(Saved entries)
(* Let $\beta\in(0,1/2)$, $N=2^n$, $\delta_N=2^{-N^\beta}$. Let $(V,X,Z)$ be random variables with $V\in\{0,1\}$ and $X,Z$ taking values in finite alphabets $\mathcal X,\mathcal Z$, and let $P=P_{V^NX^NZ^N}$ be the distribution of $N$ i.i.d. copies of $(V,X,Z)$. Put $T^N=V^NG_N$ and $$\mathcal H_{V|Z}=\{i\in[N]:\ Z(T_i\mid T^{i-1},Z^N)\ge 1-\delta_N\},$$ the Bhattacharyya parameters being computed under $P$. Let $Q=Q_{V^NX^NZ^N}$ be any distribution on $\{0,1\}^N\times\mathcal X^N\times\mathcal Z^N$ with $\|P-Q\|_1\le N2^{-N^\beta}$, and under $Q$ again set $T^N=V^NG_N$. Let $\mathcal I\subseteq\mathcal H_{V|Z}$ and $\mathcal A\subseteq\mathcal I$, and write $T[\mathcal S]=(T_i)_{i\in\mathcal S}$. Then, with mutual information computed under $Q$, $$I\big(T[\mathcal I\setminus\mathcal A];\,T[\mathcal A],Z^N\big)=O\big(N^3 2^{-N^\beta}\big),$$ where the implied constant depends only on $|\mathcal Z|$ (and the bound holds for all sufficiently large $N$).
   Context: $G_N=B_NF^{\otimes n}$ is Arıkan's polarizing matrix over $\mathbb F_2$: $F=\begin{pmatrix}1&0\\1&1\end{pmatrix}$, $\otimes$ is the Kronecker product and $B_N$ is the bit-reversal permutation matrix; $V^NG_N$ is computed over $\mathbb F_2$. For a binary random variable $A$ and a discrete random variable $B$, the Bhattacharyya parameter is $Z(A\mid B)=2\sum_b P_B(b)\sqrt{P_{A|B}(0|b)P_{A|B}(1|b)}$. $T^{i-1}=(T_1,\dots,T_{i-1})$, $[N]=\{1,\dots,N\}$, $\|\cdot\|_1$ is the $\ell_1$ distance between distributions, and logarithms are base 2. *)

theory Defs
  imports "HOL-Probability.Probability"
begin

section \<open>Arikan's polarizing matrix G_N = B_N F^{(tensor n)} over F_2 (0-based indices)\<close>

text \<open>The kernel F = ((1,0),(1,1)); entries as booleans (True = 1 in F_2).\<close>
definition arikanF :: "nat \<Rightarrow> nat \<Rightarrow> bool" where
  "arikanF a b = ((a = 0 \<and> b = 0) \<or> (a = 1 \<and> b = 0) \<or> (a = 1 \<and> b = 1))"

text \<open>Kronecker power: F^(tensor (n+1)) = F tensor F^(tensor n), entries indexed by 0..2^n-1.\<close>
fun kronF :: "nat \<Rightarrow> nat \<Rightarrow> nat \<Rightarrow> bool" where
  "kronF 0 i j = (i = 0 \<and> j = 0)"
| "kronF (Suc n) i j = (arikanF (i div 2^n) (j div 2^n) \<and> kronF n (i mod 2^n) (j mod 2^n))"

definition bitrev :: "nat \<Rightarrow> nat \<Rightarrow> nat" where
  "bitrev n i = (\<Sum>k<n. if bit i k then 2^(n - 1 - k) else 0)"

text \<open>B_N is the permutation matrix with (B_N)_{i,bitrev i} = 1, so (B_N M)_{ij} = M_{bitrev i, j}.\<close>
definition arikanG :: "nat \<Rightarrow> nat \<Rightarrow> nat \<Rightarrow> bool" where
  "arikanG n i j = kronF n (bitrev n i) j"

text \<open>Row vector times G_N over F_2: (v G_N)_j = sum_i v_i (G_N)_{ij} mod 2.\<close>
definition polar :: "nat \<Rightarrow> bool list \<Rightarrow> bool list" where
  "polar n v = map (\<lambda>j. odd (card {i. i < 2^n \<and> v ! i \<and> arikanG n i j})) [0..<2^n]"

definition bhatt :: "'w pmf \<Rightarrow> ('w \<Rightarrow> bool) \<Rightarrow> ('w \<Rightarrow> 'b) \<Rightarrow> real" where
  "bhatt M A B = 2 * (\<Sum>b\<in>set_pmf (map_pmf B M).
      pmf (map_pmf B M) b *
      sqrt ((pmf (map_pmf (\<lambda>w. (A w, B w)) M) (False, b) / pmf (map_pmf B M) b) *
            (pmf (map_pmf (\<lambda>w. (A w, B w)) M) (True, b) / pmf (map_pmf B M) b)))"

definition mutinf :: "'w pmf \<Rightarrow> ('w \<Rightarrow> 'a) \<Rightarrow> ('w \<Rightarrow> 'b) \<Rightarrow> real" where
  "mutinf M A B = (\<Sum>(a, b)\<in>set_pmf (map_pmf (\<lambda>w. (A w, B w)) M).
      pmf (map_pmf (\<lambda>w. (A w, B w)) M) (a, b) *
      log 2 (pmf (map_pmf (\<lambda>w. (A w, B w)) M) (a, b) /
             (pmf (map_pmf A M) a * pmf (map_pmf B M) b)))"

definition l1dist :: "'w pmf \<Rightarrow> 'w pmf \<Rightarrow> real" where
  "l1dist P Q = (\<Sum>w\<in>set_pmf P \<union> set_pmf Q. \<bar>pmf P w - pmf Q w\<bar>)"

definition iid :: "nat \<Rightarrow> (bool \<times> 'x \<times> 'z) pmf \<Rightarrow> (bool list \<times> 'x list \<times> 'z list) pmf" where
  "iid N p = map_pmf (\<lambda>ws. (map fst ws, map (fst \<circ> snd) ws, map (snd \<circ> snd) ws)) (replicate_pmf N p)"

definition space :: "nat \<Rightarrow> 'x set \<Rightarrow> (bool list \<times> 'x list \<times> 'z list) set" where
  "space N Xs = {(v, x, z). length v = N \<and> length x = N \<and> set x \<subseteq> Xs \<and> length z = N}"

definition Tvec :: "nat \<Rightarrow> bool list \<times> 'x list \<times> 'z list \<Rightarrow> bool list" where
  "Tvec n w = polar n (fst w)"
(* Let $\Lambda$ be a finite or countable alphabet with $\#\Lambda\ge2$ and $\mu$ any shift-invariant probability measure on $\Lambda^{\mathbb N}$. If $S\subset\mathbb N$ is infinite with lower density $0$, then $S$ does not preserve simple $\mu$-normality (and hence does not preserve $\mu$-normality): there exists a $\mu$-normal $x\in\Lambda^{\mathbb N}$ such that $x|_S$ is not simply $\mu$-normal.
   Context: A point $x\in\Lambda^{\mathbb N}$ is $\mu$-normal if every finite block $B$ occurs in $x$ with limiting frequency $\mu([B])$ ($[B]$ the cylinder of sequences starting with $B$). $x$ is simply $\mu$-normal if each symbol $a\in\Lambda$ occurs in $x$ with limiting frequency $\mu([a])$. For $S=\{s_1<s_2<\dots\}$, $x|_S=(x_{s_1},x_{s_2},\dots)$. $S$ preserves (simple) $\mu$-normality if $x|_S$ is (simply) $\mu$-normal for every $\mu$-normal $x$. Lower density: $\underline d(S)=\liminf_n \#(S\cap\{1,\dots,n\})/n$. *)

theory Defs
  imports "HOL-Probability.Probability" "HOL-Library.Infinite_Set"
begin

text \<open>Sequences over the alphabet 'a are functions nat => 'a (positions indexed from 0).\<close>

definition cylinder :: "'a list \<Rightarrow> (nat \<Rightarrow> 'a) set" where
  "cylinder B = {x. \<forall>j<length B. x j = B ! j}"

definition occurs_at :: "'a list \<Rightarrow> (nat \<Rightarrow> 'a) \<Rightarrow> nat \<Rightarrow> bool" where
  "occurs_at B x i \<longleftrightarrow> (\<forall>j<length B. x (i + j) = B ! j)"

definition block_freq :: "'a list \<Rightarrow> (nat \<Rightarrow> 'a) \<Rightarrow> nat \<Rightarrow> real" where
  "block_freq B x n = real (card {i. i < n \<and> occurs_at B x i}) / real n"

definition seq_space :: "(nat \<Rightarrow> 'a) measure" where
  "seq_space = PiM UNIV (\<lambda>_. count_space UNIV)"

definition shift :: "(nat \<Rightarrow> 'a) \<Rightarrow> (nat \<Rightarrow> 'a)" where
  "shift x = (\<lambda>n. x (Suc n))"

definition shift_invariant_prob :: "(nat \<Rightarrow> 'a) measure \<Rightarrow> bool" where
  "shift_invariant_prob M \<longleftrightarrow> prob_space M \<and> sets M = sets seq_space \<and>
     (\<forall>A\<in>sets M. measure M (shift -` A \<inter> space M) = measure M A)"

definition mu_normal :: "(nat \<Rightarrow> 'a) measure \<Rightarrow> (nat \<Rightarrow> 'a) \<Rightarrow> bool" where
  "mu_normal M x \<longleftrightarrow> (\<forall>B. (\<lambda>n. block_freq B x n) \<longlonglongrightarrow> measure M (cylinder B))"

definition simply_mu_normal :: "(nat \<Rightarrow> 'a) measure \<Rightarrow> (nat \<Rightarrow> 'a) \<Rightarrow> bool" where
  "simply_mu_normal M x \<longleftrightarrow> (\<forall>a. (\<lambda>n. block_freq [a] x n) \<longlonglongrightarrow> measure M (cylinder [a]))"

definition restrict_seq :: "(nat \<Rightarrow> 'a) \<Rightarrow> nat set \<Rightarrow> (nat \<Rightarrow> 'a)" where
  "restrict_seq x S = (\<lambda>k. x (enumerate S k))"

definition lower_density :: "nat set \<Rightarrow> ereal" where
  "lower_density S = liminf (\<lambda>n. ereal (real (card (S \<inter> {..<n})) / real n))"

end

theory Submission
  imports Defs
begin

definition occ_count :: "'a list \<Rightarrow> 'a list \<Rightarrow> nat" where
  "occ_count B W = card {i. i + length B \<le> length W \<and> (\<forall>j<length B. W ! (i + j) = B ! j)}"

lemma occ_count_le_length: "B \<noteq> [] \<Longrightarrow> occ_count B W \<le> length W"
  unfolding occ_count_def
  by (rule order.trans[OF card_mono[of "{..<length W}"]]) (auto simp flip: length_greater_0_conv)

lemma occ_count_append:
  assumes "B \<noteq> []"
  shows "occ_count B u + occ_count B v \<le> occ_count B (u @ v)"
    and "occ_count B (u @ v) \<le> occ_count B u + occ_count B v + length B"
proof -
  define occ where "occ W = {i. i + length B \<le> length W \<and> (\<forall>j<length B. W ! (i + j) = B ! j)}"
    for W :: "'a list"
  define shifted where "shifted = (\<lambda>i. i + length u) ` occ v"
  have fin: "finite (occ W)" for W
    by (rule finite_subset[of _ "{..length W}"]) (auto simp: occ_def)
  have card_shifted: "card shifted = card (occ v)"
    unfolding shifted_def by (rule card_image) (simp add: inj_on_def)
  have "occ u \<inter> shifted = {}"
    using assms by (auto simp: occ_def shifted_def)
  moreover have "occ u \<union> shifted \<subseteq> occ (u @ v)"
    by (auto simp: occ_def shifted_def nth_append)
  ultimately have "card (occ u) + card shifted \<le> card (occ (u @ v))"
    by (metis card_Un_disjoint card_mono fin finite_imageI shifted_def)
  then show "occ_count B u + occ_count B v \<le> occ_count B (u @ v)"
    using card_shifted by (simp add: occ_count_def occ_def)
  have "occ (u @ v) \<subseteq> occ u \<union> shifted \<union> {length u - length B..<length u}"
  proof
    fix i assume i: "i \<in> occ (u @ v)"
    consider "i + length B \<le> length u" | "i < length u" "length u < i + length B" | "length u \<le> i"
      by linarith
    then show "i \<in> occ u \<union> shifted \<union> {length u - length B..<length u}"
    proof cases
      case 1 then show ?thesis using i by (auto simp: occ_def nth_append)
    next
      case 2 then show ?thesis by auto
    next
      case 3
      then have "i - length u \<in> occ v" using i by (auto simp: occ_def nth_append)
      then show ?thesis using 3 unfolding shifted_def by (auto intro!: image_eqI[of _ _ "i - length u"])
    qed
  qed
  then have "card (occ (u @ v)) \<le> card (occ u \<union> shifted \<union> {length u - length B..<length u})"
    by (rule card_mono[rotated]) (simp add: fin shifted_def)
  also have "\<dots> \<le> card (occ u) + card shifted + card {length u - length B..<length u}"
    by (meson card_Un_le add_le_mono order_refl order_trans)
  finally have "card (occ (u @ v)) \<le> card (occ u) + card shifted + length B"
    by simp
  then show "occ_count B (u @ v) \<le> occ_count B u + occ_count B v + length B"
    using card_shifted by (simp add: occ_count_def occ_def)
qed

lemma occ_count_concat:
  assumes "B \<noteq> []"
  shows "(\<Sum>w\<leftarrow>ws. occ_count B w) \<le> occ_count B (concat ws)"
    and "occ_count B (concat ws) \<le> (\<Sum>w\<leftarrow>ws. occ_count B w) + length B * length ws"
proof (induction ws)
  case Nil
  { case 1 show ?case by simp }
  { case 2 show ?case using occ_count_le_length[OF assms, of "[]"] by simp }
next
  case (Cons w ws)
  { case 1 show ?case using Cons.IH(1) occ_count_append(1)[OF assms, of w "concat ws"] by simp }
  { case 2 show ?case using Cons.IH(2) occ_count_append(2)[OF assms, of w "concat ws"] by simp }
qed

lemma space_seq_space [simp]: "space seq_space = UNIV"
  by (simp add: seq_space_def space_PiM)

lemma sets_seq_space_occurs_at: "{x. occurs_at B x i} \<in> sets seq_space"
proof -
  have "Measurable.pred seq_space (\<lambda>x. occurs_at B x i)"
    unfolding occurs_at_def seq_space_def by measurable
  then show ?thesis by (simp add: pred_def)
qed

lemma cylinder_eq_occurs_at_0: "cylinder B = {x. occurs_at B x 0}"
  by (simp add: cylinder_def occurs_at_def)

lemma occurs_at_Suc_eq_shift: "{x. occurs_at B x (Suc i)} = shift -` {x. occurs_at B x i}"
  by (auto simp: occurs_at_def shift_def)

lemma disjoint_cylinders:
  "length w = length w' \<Longrightarrow> w \<noteq> w' \<Longrightarrow> cylinder w \<inter> cylinder w' = {}"
  by (auto simp: cylinder_def intro: nth_equalityI)

locale shift_invariant_measure =
  fixes M :: "(nat \<Rightarrow> 'a::countable) measure"
  assumes shift_invariant: "shift_invariant_prob M"
begin

sublocale prob_space M
  using shift_invariant by (simp add: shift_invariant_prob_def)

lemma sets_M: "sets M = sets seq_space"
  using shift_invariant by (simp add: shift_invariant_prob_def)

lemma space_M [simp]: "space M = UNIV"
  using sets_eq_imp_space_eq[OF sets_M] by simp

lemma sets_occurs_at: "{x. occurs_at B x i} \<in> sets M"
  using sets_seq_space_occurs_at sets_M by blast

lemma sets_cylinder: "cylinder B \<in> sets M"
  using sets_occurs_at[of B 0] by (simp add: cylinder_eq_occurs_at_0)

lemma measure_occurs_at: "measure M {x. occurs_at B x i} = measure M (cylinder B)"
proof (induction i)
  case 0 then show ?case by (simp add: cylinder_eq_occurs_at_0)
next
  case (Suc i)
  have "measure M (shift -` A) = measure M A" if "A \<in> sets M" for A
    using shift_invariant that by (simp add: shift_invariant_prob_def)
  then show ?case
    using Suc sets_occurs_at by (simp only: occurs_at_Suc_eq_shift)
qed

lemma measure_Union_cylinders:
  assumes "finite D" "\<forall>w\<in>D. length w = L"
  shows "measure M (\<Union>w\<in>D. cylinder w) = (\<Sum>w\<in>D. measure M (cylinder w))"
proof (rule finite_measure_finite_Union)
  show "finite D"
    by (fact assms(1))
  show "cylinder ` D \<subseteq> sets M"
    using sets_cylinder by blast
  show "disjoint_family_on cylinder D"
    using assms(2) by (simp add: disjoint_family_on_def disjoint_cylinders)
qed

#### Activity:
Using the entries above, give again each line from the one containing "using sets_occurs_at[of B" through the last line, exactly and only those.

#### Task response:
  using sets_occurs_at[of B 0] by (simp add: cylinder_eq_occurs_at_0)

lemma measure_occurs_at: "measure M {x. occurs_at B x i} = measure M (cylinder B)"
proof (induction i)
  case 0 then show ?case by (simp add: cylinder_eq_occurs_at_0)
next
  case (Suc i)
  have "measure M (shift -` A) = measure M A" if "A \<in> sets M" for A
    using shift_invariant that by (simp add: shift_invariant_prob_def)
  then show ?case
    using Suc sets_occurs_at by (simp only: occurs_at_Suc_eq_shift)
qed

lemma measure_Union_cylinders:
  assumes "finite D" "\<forall>w\<in>D. length w = L"
  shows "measure M (\<Union>w\<in>D. cylinder w) = (\<Sum>w\<in>D. measure M (cylinder w))"
proof (rule finite_measure_finite_Union)
  show "finite D"
    by (fact assms(1))
  show "cylinder ` D \<subseteq> sets M"
    using sets_cylinder by blast
  show "disjoint_family_on cylinder D"
    using assms(2) by (simp add: disjoint_family_on_def disjoint_cylinders)
qed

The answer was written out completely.